> **Raw data**
(* Let $G,H$ be finite groups, $U\leq G\times H$ a subdirect product, and $A$ an abelian group satisfying the Hypothesis for a set of primes $\pi$. Then $U$ is $A$-extensible if and only if for every $p\in\pi$, $k_1(U')$ contains a Sylow $p$-subgroup of $G'\cap k_1(U)$; equivalently, if and only if for every $p\in\pi$, $k_2(U')$ contains a Sylow $p$-subgroup of $H'\cap k_2(U)$.
   Context: For $U\leq G\times H$: $p_1(U)=\{g:\exists h,(g,h)\in U\}$, $p_2(U)=\{h:\exists g,(g,h)\in U\}$, $k_1(U)=\{g:(g,1)\in U\}$, $k_2(U)=\{h:(1,h)\in U\}$; $U$ is a subdirect product if $p_1(U)=G$, $p_2(U)=H$. $X'$ is the commutator subgroup of $X$. An abelian group $A$ satisfies the Hypothesis (with set of primes $\pi$) if there is a unique set of primes $\pi$ such that for every $n\in\mathbb{N}$ the $n$-torsion part of $A$ is cyclic of order $n_\pi$ (the $\pi$-part of $n$). $U$ is $A$-extensible if every homomorphism $U\to A$ extends to a homomorphism $G\times H\to A$. *)

theory Defs
  imports "HOL-Algebra.Algebra" "HOL-Computational_Algebra.Primes"
begin

definition k1 :: "('a, 'c) monoid_scheme \<Rightarrow> ('b, 'd) monoid_scheme \<Rightarrow> ('a \<times> 'b) set \<Rightarrow> 'a set" where
  "k1 G H U = {g \<in> carrier G. (g, \<one>\<^bsub>H\<^esub>) \<in> U}"

definition k2 :: "('a, 'c) monoid_scheme \<Rightarrow> ('b, 'd) monoid_scheme \<Rightarrow> ('a \<times> 'b) set \<Rightarrow> 'b set" where
  "k2 G H U = {h \<in> carrier H. (\<one>\<^bsub>G\<^esub>, h) \<in> U}"

definition subdirect :: "('a, 'c) monoid_scheme \<Rightarrow> ('b, 'd) monoid_scheme \<Rightarrow> ('a \<times> 'b) set \<Rightarrow> bool" where
  "subdirect G H U \<longleftrightarrow> subgroup U (G \<times>\<times> H) \<and> fst ` U = carrier G \<and> snd ` U = carrier H"
lemma shuffle_exists:
  assumes S: "S \<subseteq> {1..p+q}" and "card S = p"
  obtains \<zeta> where "\<zeta> \<in> shuffles p q" and "\<zeta> ` {0<..p} = S"
proof -
  define xs where "xs = sorted_list_of_set S"
  define ys where "ys = sorted_list_of_set ({1..p+q} - S)"
  define \<zeta> where "\<zeta> i = (if i \<in> {1..p+q} then (xs @ ys) ! (i - 1) else i)" for i
  have "finite S"
    using S finite_subset by blast
  have xs: "length xs = p" "set xs = S" "sorted_wrt (<) xs"
    unfolding xs_def using \<open>finite S\<close> \<open>card S = p\<close> by simp_all
  have ys: "length ys = q" "set ys = {1..p+q} - S" "sorted_wrt (<) ys"
    unfolding ys_def using S \<open>finite S\<close> \<open>card S = p\<close> by (simp_all add: card_Diff_subset)
  have "distinct (xs @ ys)" "set (xs @ ys) = {1..p+q}"
    using xs ys S by (auto simp: strict_sorted_iff)
  then have perm: "\<zeta> permutes {1..p+q}"
    unfolding \<zeta>_def[abs_def] by (rule one_line_permutes)
  have first: "\<zeta> i = xs ! (i - 1)" if "1 \<le> i" "i \<le> p" for i
    using that xs(1) unfolding \<zeta>_def by (auto simp: nth_append)
  have second: "\<zeta> i = ys ! (i - 1 - p)" if "p < i" "i \<le> p + q" for i
    using that xs(1) unfolding \<zeta>_def by (auto simp: nth_append)
  have "\<zeta> i < \<zeta> j" if "1 \<le> i" "i < j" "j \<le> p" for i j
    using first[of i] first[of j] that sorted_wrt_nth_less[OF xs(3), of "i - 1" "j - 1"] xs(1) by simp
  moreover have "\<zeta> i < \<zeta> j" if "p < i" "i < j" "j \<le> p + q" for i j
    using second[of i] second[of j] that sorted_wrt_nth_less[OF ys(3), of "i - 1 - p" "j - 1 - p"] ys(1)
    by simp
  ultimately have "\<zeta> \<in> shuffles p q"
    unfolding shuffles_def using perm by blast
  moreover have "\<zeta> ` {0<..p} = (\<lambda>i. xs ! (i - 1)) ` {0<..p}"
    using first by (intro image_cong) auto
  ultimately show ?thesis
    using that one_line_image[of p xs] xs(1,2) by simp
qed

locale shuffle_perm =
  fixes p q :: nat and \<zeta> :: "nat \<Rightarrow> nat"
  assumes shuffle: "\<zeta> \<in> shuffles p q" and p_pos: "1 \<le> p" and q_pos: "1 \<le> q"
begin

lemma perm: "\<zeta> permutes {1..p+q}"
  using shufflesD(1)[OF shuffle] .

lemma in_first_block_iff: "i \<in> {1..p+q} \<Longrightarrow> \<zeta> i \<in> \<zeta> ` {0<..p} \<longleftrightarrow> i \<le> p"
  using permutes_inj[OF perm] by (auto simp: inj_eq)

lemma same_block_Suc:
  assumes "i \<in> {1..p+q}" and "i' \<in> {1..p+q}" and "i \<le> p \<longleftrightarrow> i' \<le> p" and "\<zeta> i' = Suc (\<zeta> i)"
  shows "i' = Suc i"
proof (cases "i \<le> p")
  case True
  then show ?thesis
    using strict_mono_on_Suc_value[OF shufflesD(2)[OF shuffle]] assms by auto
next
  case False
  then show ?thesis
    using strict_mono_on_Suc_value[OF shufflesD(3)[OF shuffle]] assms by auto
qed

lemma exists_Suc_value_iff:
  assumes "\<zeta> i = m" and "\<zeta> i' = Suc m"
  shows "(\<exists>j \<in> D. m = \<zeta> j \<and> \<zeta> (Suc j) = Suc m) \<longleftrightarrow> i \<in> D \<and> i' = Suc i"
proof -
  have "\<zeta> x = \<zeta> y \<longleftrightarrow> x = y" for x y
    using permutes_inj[OF perm] by (simp add: inj_eq)
  then show ?thesis
    using assms by metis
qed

lemma r_map_mem_iff:
  assumes J': "J' \<subseteq> {1..<p}" and K': "K' \<subseteq> {1..<q}"
  shows "m \<in> r_map p q \<zeta> J' K' \<longleftrightarrow> m \<in> {1..<p+q} \<and>
    (m \<notin> \<zeta> ` {0<..p} \<and> Suc m \<in> \<zeta> ` {0<..p} \<or> (\<exists>j \<in> J' \<union> (+) p ` K'. m = \<zeta> j \<and> \<zeta> (Suc j) = Suc m))"
proof (cases "m \<in> {1..<p+q}")
  case False
  then show ?thesis
    unfolding r_map_def Des_def by auto
next
  case True
  let ?W = "cross p (zetaJ p J') (zetaJ q K')"
  define i where "i = inv \<zeta> m"
  define i' where "i' = inv \<zeta> (Suc m)"
  have "m \<in> {1..p+q}" "Suc m \<in> {1..p+q}"
    using True by auto
  then have i: "i \<in> {1..p+q}" "i' \<in> {1..p+q}" "\<zeta> i = m" "\<zeta> i' = Suc m"
    unfolding i_def i'_def using permutes_inverses(1)[OF perm]
    by (simp_all only: permutes_in_image[OF permutes_inv[OF perm]])
  have "m \<in> r_map p q \<zeta> J' K' \<longleftrightarrow> ?W i' < ?W i"
    using True unfolding r_map_def Des_def i_def i'_def by simp
  moreover have "m \<in> \<zeta> ` {0<..p} \<longleftrightarrow> i \<le> p" "Suc m \<in> \<zeta> ` {0<..p} \<longleftrightarrow> i' \<le> p"
    using in_first_block_iff[OF i(1)] in_first_block_iff[OF i(2)] i(3,4) by simp_all
  moreover have "(\<exists>j \<in> J' \<union> (+) p ` K'. m = \<zeta> j \<and> \<zeta> (Suc j) = Suc m)
      \<longleftrightarrow> i \<in> J' \<union> (+) p ` K' \<and> i' = Suc i"
    using i(3,4) by (rule exists_Suc_value_iff)
  moreover have "?W i \<le> p \<longleftrightarrow> i \<le> p" "?W i' \<le> p \<longleftrightarrow> i' \<le> p"
    using cross_zetaJ_le_iff[OF J' K'] i by auto
  moreover have "p \<notin> J' \<union> (+) p ` K'"
    using J' K' by auto
  moreover have "?W i' < ?W i \<longleftrightarrow> i \<in> J' \<union> (+) p ` K'" if "i' = Suc i"
    using cross_zetaJ_descent_iff[OF J' K', of i] that i by auto
  ultimately show ?thesis
    using True same_block_Suc[OF i(1,2) _ i(4)[folded i(3)]] by (cases "i \<le> p"; cases "i' \<le> p") auto
qed
(* Let $0<p=p(n)\le 2/n$ with $n^2p=\omega(1)$. Let $H$ be an $n$-vertex connected graph with maximum degree $\Delta$, $1\le \Delta\le n^2p/57600$. Let $G=G(n,p)$ on $V(H)$ and $R:=H\cup G$. Then whp $\mathrm{tw}(R)=\Omega(\mathrm{tw}(H)+n^2p/\Delta)$.
   Context: $G(n,p)$ is the binomial random graph; asymptotics are as $n\to\infty$; whp means with probability $1-o(1)$; $\Omega$ hides an absolute positive constant. $\mathrm{tw}$ denotes treewidth. *)

theory Defs
  imports "HOL-Probability.Probability"
begin

definition ugraph :: "'a set \<Rightarrow> 'a set set \<Rightarrow> bool" where
  "ugraph V E \<longleftrightarrow> finite V \<and> (\<forall>e\<in>E. \<exists>u v. e = {u, v} \<and> u \<noteq> v \<and> u \<in> V \<and> v \<in> V)"

definition connected_graph :: "'a set \<Rightarrow> 'a set set \<Rightarrow> bool" where
  "connected_graph V E \<longleftrightarrow> V \<noteq> {} \<and>
     (\<forall>u\<in>V. \<forall>v\<in>V. (\<lambda>x y. {x, y} \<in> E)\<^sup>*\<^sup>* u v)"

definition is_tree :: "'a set \<Rightarrow> 'a set set \<Rightarrow> bool" where
  "is_tree I F \<longleftrightarrow> ugraph I F \<and> connected_graph I F \<and> card F = card I - 1"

> **Description of the task**
Scan the records for the string "forall". Copy each line in which it appears.

> **Exercise solution**
  "ugraph V E \<longleftrightarrow> finite V \<and> (\<forall>e\<in>E. \<exists>u v. e = {u, v} \<and> u \<noteq> v \<and> u \<in> V \<and> v \<in> V)"
     (\<forall>u\<in>V. \<forall>v\<in>V. (\<lambda>x y. {x, y} \<in> E)\<^sup>*\<^sup>* u v)"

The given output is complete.